» Exercise
Lift every line from the entries that includes the word "diagram".

### Data

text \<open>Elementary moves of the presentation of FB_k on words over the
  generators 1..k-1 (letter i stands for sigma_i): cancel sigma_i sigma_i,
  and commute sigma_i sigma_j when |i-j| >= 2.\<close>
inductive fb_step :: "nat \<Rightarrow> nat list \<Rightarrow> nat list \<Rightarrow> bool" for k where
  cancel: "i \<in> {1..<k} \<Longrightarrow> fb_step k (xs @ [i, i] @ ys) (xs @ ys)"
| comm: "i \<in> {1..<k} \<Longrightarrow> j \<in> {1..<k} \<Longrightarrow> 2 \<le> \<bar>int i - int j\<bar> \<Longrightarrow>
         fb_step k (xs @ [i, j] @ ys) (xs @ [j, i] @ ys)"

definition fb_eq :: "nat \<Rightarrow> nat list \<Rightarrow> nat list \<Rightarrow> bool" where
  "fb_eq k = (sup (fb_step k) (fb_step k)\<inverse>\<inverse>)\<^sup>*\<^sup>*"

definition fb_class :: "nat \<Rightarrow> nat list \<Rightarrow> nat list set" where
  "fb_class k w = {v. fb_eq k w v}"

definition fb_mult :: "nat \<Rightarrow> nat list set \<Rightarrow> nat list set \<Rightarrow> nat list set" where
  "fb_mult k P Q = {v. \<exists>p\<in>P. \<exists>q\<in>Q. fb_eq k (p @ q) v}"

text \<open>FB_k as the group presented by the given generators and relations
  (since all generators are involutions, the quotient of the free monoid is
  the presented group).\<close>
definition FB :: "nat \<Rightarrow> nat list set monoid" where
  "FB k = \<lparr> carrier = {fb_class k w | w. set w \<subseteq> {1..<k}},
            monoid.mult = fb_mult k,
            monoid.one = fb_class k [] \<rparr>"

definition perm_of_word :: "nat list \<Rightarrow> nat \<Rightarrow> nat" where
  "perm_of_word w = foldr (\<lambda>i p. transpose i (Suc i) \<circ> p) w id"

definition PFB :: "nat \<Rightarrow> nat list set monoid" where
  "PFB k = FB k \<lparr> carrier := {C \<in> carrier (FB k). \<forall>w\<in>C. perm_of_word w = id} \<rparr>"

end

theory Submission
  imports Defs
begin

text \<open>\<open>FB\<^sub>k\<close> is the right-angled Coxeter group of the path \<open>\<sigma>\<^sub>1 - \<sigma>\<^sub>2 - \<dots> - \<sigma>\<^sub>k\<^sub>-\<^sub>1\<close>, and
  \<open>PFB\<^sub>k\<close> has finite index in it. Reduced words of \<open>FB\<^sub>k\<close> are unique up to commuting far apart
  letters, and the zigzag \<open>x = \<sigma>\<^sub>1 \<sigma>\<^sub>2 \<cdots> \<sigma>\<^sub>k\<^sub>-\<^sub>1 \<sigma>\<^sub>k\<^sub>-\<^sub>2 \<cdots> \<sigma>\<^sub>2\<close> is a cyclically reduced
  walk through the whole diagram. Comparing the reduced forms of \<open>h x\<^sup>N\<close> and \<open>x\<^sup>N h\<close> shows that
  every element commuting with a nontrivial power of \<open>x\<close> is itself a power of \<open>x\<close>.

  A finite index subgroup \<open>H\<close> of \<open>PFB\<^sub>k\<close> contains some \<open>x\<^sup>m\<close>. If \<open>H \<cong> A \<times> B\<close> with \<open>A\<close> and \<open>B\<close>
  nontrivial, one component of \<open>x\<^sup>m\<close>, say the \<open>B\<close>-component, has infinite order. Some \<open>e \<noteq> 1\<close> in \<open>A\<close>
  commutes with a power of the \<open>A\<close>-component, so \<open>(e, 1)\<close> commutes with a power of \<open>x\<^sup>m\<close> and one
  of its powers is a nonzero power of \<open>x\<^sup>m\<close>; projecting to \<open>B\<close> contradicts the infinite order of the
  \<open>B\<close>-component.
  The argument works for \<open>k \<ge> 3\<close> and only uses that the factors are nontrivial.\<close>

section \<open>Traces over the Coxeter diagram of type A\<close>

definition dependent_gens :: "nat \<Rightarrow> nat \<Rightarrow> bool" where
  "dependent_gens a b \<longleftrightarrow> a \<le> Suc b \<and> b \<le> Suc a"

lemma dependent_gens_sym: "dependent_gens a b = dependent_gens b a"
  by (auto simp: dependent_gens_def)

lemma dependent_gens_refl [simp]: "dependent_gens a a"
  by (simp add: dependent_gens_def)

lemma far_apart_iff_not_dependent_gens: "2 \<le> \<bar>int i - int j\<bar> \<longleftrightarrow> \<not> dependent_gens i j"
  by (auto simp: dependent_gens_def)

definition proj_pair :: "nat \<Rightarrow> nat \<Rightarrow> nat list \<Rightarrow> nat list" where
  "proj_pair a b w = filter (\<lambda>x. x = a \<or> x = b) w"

######

» Output for this exercise
  walk through the whole diagram. Comparing the reduced forms of \<open>h x\<^sup>N\<close> and \<open>x\<^sup>N h\<close> shows that
section \<open>Traces over the Coxeter diagram of type A\<close>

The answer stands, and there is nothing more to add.